━━ RECORDS FOR THE EXERCISE

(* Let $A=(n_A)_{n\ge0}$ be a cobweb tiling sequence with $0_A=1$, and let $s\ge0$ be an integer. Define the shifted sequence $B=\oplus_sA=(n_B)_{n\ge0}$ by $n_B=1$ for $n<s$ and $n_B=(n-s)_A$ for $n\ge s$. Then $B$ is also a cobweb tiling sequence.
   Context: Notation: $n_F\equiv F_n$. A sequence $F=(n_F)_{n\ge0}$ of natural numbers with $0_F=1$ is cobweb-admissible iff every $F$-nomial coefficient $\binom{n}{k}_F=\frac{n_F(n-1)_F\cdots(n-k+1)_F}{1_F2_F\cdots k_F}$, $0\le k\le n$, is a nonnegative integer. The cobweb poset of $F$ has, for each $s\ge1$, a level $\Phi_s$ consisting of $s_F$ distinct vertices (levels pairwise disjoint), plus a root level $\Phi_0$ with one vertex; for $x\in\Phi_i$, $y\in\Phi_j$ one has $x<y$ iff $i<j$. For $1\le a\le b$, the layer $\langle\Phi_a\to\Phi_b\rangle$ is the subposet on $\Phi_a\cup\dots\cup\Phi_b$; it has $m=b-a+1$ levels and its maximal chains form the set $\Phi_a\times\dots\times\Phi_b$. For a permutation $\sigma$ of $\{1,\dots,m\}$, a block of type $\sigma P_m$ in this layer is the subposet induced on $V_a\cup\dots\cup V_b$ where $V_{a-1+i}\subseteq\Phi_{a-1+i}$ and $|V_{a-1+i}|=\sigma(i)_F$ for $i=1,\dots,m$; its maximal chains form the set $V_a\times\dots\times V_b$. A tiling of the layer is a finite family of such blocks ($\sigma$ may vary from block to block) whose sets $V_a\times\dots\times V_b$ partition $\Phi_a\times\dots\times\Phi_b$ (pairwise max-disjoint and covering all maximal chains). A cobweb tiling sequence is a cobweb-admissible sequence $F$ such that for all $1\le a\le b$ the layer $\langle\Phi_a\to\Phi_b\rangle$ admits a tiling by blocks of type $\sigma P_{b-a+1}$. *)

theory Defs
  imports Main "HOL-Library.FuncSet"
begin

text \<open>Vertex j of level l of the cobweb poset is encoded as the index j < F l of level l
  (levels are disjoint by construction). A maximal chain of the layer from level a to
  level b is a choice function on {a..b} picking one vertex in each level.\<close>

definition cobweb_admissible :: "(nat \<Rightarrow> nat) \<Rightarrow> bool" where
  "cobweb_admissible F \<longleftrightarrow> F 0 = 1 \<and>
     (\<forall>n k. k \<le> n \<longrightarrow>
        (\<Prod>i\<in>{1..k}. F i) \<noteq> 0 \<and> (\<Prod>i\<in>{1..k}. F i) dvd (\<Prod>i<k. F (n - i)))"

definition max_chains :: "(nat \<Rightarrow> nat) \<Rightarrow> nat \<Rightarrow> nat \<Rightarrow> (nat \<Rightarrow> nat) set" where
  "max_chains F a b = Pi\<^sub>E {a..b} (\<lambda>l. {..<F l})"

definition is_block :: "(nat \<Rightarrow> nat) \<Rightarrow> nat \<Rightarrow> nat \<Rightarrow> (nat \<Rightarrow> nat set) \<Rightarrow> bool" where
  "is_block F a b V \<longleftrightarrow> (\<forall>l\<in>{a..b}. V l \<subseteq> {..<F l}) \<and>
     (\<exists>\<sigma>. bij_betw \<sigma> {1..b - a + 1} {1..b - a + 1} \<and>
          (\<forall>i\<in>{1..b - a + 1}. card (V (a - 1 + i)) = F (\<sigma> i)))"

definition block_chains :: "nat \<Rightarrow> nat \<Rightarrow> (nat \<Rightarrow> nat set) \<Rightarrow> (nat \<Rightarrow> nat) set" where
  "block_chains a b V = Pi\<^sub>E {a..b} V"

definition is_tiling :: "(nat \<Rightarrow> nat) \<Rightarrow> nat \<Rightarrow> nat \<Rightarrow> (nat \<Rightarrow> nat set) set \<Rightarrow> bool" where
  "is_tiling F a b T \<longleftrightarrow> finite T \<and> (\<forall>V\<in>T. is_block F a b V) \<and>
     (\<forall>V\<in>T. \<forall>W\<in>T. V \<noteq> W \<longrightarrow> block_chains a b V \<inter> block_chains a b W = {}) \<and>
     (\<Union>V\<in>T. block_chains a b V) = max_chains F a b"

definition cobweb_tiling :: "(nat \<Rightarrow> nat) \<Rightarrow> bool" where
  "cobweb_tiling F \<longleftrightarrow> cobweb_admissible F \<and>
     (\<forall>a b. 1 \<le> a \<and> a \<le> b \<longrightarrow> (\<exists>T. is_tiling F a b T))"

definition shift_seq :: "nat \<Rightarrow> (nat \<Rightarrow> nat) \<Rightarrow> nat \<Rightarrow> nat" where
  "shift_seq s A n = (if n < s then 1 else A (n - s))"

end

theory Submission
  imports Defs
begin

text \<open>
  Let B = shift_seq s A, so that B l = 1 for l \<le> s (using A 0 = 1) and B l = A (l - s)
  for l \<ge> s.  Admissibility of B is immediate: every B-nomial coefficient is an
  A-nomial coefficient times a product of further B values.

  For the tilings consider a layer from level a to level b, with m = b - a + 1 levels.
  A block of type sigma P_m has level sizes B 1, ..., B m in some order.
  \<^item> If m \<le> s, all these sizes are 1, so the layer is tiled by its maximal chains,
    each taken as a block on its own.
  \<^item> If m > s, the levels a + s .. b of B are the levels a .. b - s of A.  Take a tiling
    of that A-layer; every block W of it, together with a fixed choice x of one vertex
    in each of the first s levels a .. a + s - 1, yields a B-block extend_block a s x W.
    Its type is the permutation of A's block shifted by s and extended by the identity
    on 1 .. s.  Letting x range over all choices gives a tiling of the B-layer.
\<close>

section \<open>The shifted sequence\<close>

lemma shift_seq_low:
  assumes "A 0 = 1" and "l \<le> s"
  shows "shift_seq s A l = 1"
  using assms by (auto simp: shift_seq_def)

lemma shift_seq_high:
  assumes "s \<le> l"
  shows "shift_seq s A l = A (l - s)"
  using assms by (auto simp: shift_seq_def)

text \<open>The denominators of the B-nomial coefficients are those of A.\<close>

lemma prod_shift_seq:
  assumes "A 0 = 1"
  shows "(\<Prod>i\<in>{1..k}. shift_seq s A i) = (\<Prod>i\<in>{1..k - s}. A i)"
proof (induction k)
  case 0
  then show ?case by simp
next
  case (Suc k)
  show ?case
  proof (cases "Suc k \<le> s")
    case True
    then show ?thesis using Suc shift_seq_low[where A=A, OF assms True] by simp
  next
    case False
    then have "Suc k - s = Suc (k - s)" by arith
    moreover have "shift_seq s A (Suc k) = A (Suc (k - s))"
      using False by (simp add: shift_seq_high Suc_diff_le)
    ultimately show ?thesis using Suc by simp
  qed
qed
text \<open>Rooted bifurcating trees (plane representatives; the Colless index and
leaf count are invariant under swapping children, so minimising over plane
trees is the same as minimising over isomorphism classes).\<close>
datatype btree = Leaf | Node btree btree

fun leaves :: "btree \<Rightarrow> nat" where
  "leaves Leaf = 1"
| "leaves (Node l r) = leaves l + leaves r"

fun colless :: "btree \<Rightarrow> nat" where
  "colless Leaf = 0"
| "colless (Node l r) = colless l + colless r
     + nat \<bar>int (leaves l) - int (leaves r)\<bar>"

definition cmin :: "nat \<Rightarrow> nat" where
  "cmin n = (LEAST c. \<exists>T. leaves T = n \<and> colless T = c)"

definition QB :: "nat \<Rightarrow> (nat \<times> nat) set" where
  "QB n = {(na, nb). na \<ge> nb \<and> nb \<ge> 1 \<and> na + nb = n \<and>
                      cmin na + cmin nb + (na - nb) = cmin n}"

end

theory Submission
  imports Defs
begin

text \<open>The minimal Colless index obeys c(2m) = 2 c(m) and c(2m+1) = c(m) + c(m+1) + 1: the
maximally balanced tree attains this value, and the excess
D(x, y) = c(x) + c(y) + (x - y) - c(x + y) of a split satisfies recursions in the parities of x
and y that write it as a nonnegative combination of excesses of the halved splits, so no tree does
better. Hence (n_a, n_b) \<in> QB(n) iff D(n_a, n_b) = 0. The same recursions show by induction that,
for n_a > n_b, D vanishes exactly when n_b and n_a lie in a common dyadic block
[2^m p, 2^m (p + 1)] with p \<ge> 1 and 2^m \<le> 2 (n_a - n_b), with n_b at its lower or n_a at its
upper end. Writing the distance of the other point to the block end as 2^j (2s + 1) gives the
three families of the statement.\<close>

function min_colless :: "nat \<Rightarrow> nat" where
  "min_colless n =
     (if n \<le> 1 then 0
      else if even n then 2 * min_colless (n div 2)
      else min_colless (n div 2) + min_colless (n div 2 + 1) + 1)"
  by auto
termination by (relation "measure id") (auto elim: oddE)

━━━━

● **TRY IT**
In the listing above, find each line containing "sizes" and copy it.

● **YOUR SOLUTION**
  A block of type sigma P_m has level sizes B 1, ..., B m in some order.
  \<^item> If m \<le> s, all these sizes are 1, so the layer is tiled by its maximal chains,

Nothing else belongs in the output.